◆ RAW DATA:
-.-.-
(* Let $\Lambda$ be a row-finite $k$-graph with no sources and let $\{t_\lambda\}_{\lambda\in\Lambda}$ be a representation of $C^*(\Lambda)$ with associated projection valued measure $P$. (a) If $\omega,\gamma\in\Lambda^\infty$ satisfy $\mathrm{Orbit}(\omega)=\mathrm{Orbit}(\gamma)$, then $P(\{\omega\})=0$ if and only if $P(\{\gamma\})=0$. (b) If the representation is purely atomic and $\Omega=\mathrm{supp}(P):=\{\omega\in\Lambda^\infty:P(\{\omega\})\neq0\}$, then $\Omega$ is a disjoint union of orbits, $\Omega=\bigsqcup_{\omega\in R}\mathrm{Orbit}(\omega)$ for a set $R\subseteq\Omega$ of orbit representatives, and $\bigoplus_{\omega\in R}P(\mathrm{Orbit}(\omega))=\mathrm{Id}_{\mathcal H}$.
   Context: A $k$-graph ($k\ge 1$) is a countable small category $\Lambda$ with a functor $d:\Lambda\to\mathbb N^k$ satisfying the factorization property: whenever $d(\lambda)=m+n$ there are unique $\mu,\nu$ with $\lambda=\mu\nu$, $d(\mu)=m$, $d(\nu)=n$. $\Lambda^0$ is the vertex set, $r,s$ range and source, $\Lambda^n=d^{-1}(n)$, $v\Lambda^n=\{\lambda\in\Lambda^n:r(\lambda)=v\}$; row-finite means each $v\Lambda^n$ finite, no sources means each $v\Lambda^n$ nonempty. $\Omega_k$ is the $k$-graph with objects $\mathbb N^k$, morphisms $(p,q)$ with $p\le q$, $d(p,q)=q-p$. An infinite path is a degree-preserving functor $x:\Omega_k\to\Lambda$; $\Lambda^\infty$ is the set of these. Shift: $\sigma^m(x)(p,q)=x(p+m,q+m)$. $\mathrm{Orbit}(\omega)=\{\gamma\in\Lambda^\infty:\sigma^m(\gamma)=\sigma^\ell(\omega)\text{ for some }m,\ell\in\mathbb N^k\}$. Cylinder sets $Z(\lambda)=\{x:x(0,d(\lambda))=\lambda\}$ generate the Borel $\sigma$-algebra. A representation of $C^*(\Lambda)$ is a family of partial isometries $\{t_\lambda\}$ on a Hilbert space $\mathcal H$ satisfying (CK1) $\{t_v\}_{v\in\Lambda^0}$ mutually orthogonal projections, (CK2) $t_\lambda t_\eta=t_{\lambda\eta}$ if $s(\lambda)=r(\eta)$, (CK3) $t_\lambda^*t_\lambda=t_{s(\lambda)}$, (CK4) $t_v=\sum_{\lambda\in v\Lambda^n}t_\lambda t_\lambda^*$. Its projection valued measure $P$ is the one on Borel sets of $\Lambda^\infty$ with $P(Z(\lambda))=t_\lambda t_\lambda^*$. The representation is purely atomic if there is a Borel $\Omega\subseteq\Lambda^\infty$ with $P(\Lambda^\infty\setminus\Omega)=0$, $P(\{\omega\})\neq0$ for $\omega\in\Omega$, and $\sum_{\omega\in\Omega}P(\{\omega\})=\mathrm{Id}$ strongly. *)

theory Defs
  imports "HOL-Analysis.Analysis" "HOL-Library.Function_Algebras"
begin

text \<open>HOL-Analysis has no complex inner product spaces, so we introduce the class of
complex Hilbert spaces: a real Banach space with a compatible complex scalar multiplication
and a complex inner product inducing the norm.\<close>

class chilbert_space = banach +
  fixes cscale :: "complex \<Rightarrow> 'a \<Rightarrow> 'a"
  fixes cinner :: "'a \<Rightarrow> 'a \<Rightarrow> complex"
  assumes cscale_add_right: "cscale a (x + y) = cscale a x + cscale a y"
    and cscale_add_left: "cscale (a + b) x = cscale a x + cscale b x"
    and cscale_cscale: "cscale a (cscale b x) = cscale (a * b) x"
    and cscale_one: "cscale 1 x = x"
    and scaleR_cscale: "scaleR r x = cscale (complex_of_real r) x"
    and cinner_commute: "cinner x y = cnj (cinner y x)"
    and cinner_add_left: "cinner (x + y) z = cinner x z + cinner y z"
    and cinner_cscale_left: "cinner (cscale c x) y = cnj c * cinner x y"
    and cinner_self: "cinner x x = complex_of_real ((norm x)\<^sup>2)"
-.-.-
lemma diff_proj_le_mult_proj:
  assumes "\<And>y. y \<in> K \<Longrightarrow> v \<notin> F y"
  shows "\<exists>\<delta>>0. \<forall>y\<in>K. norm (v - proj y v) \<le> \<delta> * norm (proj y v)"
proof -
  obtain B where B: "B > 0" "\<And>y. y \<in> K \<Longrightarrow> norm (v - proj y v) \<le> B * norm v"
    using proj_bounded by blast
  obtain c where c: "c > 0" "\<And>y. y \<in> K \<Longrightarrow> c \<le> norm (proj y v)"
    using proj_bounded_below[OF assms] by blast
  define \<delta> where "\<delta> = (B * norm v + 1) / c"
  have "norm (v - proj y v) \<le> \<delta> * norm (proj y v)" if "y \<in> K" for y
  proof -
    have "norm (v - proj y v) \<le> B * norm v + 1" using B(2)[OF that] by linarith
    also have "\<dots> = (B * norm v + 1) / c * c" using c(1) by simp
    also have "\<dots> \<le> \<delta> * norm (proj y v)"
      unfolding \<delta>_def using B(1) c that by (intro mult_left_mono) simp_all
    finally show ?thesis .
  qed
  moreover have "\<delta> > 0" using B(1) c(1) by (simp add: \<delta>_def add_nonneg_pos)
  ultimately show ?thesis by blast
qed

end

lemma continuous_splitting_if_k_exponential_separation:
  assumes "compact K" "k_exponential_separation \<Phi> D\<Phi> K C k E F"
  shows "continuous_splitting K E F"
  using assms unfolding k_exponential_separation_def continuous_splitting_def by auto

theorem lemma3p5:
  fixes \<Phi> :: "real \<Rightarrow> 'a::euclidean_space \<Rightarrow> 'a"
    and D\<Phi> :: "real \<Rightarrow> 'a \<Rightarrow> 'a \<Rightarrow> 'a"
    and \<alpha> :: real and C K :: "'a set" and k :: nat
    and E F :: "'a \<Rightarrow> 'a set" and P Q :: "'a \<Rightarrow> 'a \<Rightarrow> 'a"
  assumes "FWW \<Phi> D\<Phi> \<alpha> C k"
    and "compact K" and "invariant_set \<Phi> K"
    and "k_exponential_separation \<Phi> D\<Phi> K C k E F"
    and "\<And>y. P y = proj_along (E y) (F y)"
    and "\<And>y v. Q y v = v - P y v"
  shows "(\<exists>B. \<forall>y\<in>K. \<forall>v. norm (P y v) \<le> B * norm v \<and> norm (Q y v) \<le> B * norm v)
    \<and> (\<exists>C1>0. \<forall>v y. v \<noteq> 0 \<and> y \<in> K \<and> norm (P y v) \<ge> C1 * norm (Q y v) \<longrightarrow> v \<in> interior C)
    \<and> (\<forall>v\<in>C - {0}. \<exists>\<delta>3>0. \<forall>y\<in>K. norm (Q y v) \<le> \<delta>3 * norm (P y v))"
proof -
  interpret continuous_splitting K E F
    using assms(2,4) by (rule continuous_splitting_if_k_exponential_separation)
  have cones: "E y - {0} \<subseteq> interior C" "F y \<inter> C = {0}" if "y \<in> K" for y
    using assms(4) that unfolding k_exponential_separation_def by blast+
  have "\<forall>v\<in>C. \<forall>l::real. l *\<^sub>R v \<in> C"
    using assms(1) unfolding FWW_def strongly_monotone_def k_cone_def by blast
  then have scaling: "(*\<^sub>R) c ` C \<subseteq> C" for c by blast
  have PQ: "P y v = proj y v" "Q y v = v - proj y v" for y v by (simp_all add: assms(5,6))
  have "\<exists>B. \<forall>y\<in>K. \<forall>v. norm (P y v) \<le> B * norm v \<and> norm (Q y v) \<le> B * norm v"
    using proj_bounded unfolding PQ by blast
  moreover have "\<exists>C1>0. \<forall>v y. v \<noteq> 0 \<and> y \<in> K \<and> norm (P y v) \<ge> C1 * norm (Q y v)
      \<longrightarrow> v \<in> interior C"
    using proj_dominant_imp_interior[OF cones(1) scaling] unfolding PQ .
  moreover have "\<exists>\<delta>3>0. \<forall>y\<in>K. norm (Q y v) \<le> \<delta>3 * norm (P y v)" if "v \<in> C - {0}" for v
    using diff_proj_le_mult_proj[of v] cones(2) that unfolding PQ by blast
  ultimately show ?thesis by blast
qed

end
-.-.-
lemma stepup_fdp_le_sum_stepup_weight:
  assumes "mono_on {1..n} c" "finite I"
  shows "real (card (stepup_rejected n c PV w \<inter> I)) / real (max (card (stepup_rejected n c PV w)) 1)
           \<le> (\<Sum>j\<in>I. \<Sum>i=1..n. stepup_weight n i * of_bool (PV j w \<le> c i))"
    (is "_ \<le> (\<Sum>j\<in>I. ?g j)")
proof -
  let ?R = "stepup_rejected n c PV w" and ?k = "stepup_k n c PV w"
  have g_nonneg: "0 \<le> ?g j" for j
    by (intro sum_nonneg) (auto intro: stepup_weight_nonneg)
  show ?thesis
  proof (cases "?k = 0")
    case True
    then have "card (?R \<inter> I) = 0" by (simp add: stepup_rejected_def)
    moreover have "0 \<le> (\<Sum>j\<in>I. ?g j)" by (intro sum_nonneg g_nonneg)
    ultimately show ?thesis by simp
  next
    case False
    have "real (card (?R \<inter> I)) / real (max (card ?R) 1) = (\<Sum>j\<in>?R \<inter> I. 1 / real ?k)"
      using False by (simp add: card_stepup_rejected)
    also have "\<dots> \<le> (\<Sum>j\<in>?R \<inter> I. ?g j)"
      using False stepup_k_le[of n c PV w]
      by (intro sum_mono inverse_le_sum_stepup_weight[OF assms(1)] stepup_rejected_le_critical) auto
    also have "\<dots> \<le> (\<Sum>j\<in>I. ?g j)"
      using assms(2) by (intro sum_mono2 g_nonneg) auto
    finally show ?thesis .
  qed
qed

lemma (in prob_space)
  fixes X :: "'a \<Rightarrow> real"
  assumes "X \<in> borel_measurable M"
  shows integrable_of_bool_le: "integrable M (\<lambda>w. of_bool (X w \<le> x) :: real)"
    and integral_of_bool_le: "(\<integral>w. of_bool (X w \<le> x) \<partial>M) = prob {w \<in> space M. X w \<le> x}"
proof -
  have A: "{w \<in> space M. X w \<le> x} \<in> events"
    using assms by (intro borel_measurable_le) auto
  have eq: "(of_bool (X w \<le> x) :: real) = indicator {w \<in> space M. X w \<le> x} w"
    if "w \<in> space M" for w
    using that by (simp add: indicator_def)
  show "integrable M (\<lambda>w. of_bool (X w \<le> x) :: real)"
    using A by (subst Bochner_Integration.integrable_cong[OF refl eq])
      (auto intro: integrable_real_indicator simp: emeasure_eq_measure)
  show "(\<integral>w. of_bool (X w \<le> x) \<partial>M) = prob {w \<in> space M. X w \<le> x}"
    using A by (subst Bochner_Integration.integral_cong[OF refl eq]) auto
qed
-.-.-
◆ PROBLEM: All lines above from the one with "text \<open>HOL-Analysis has" to the one with "x = complex_of_real", inclusive, should be copied exactly, and no other lines.

◆ RESULT BELOW:
text \<open>HOL-Analysis has no complex inner product spaces, so we introduce the class of
complex Hilbert spaces: a real Banach space with a compatible complex scalar multiplication
and a complex inner product inducing the norm.\<close>

class chilbert_space = banach +
  fixes cscale :: "complex \<Rightarrow> 'a \<Rightarrow> 'a"
  fixes cinner :: "'a \<Rightarrow> 'a \<Rightarrow> complex"
  assumes cscale_add_right: "cscale a (x + y) = cscale a x + cscale a y"
    and cscale_add_left: "cscale (a + b) x = cscale a x + cscale b x"
    and cscale_cscale: "cscale a (cscale b x) = cscale (a * b) x"
    and cscale_one: "cscale 1 x = x"
    and scaleR_cscale: "scaleR r x = cscale (complex_of_real r) x"
    and cinner_commute: "cinner x y = cnj (cinner y x)"
    and cinner_add_left: "cinner (x + y) z = cinner x z + cinner y z"
    and cinner_cscale_left: "cinner (cscale c x) y = cnj c * cinner x y"
    and cinner_self: "cinner x x = complex_of_real ((norm x)\<^sup>2)"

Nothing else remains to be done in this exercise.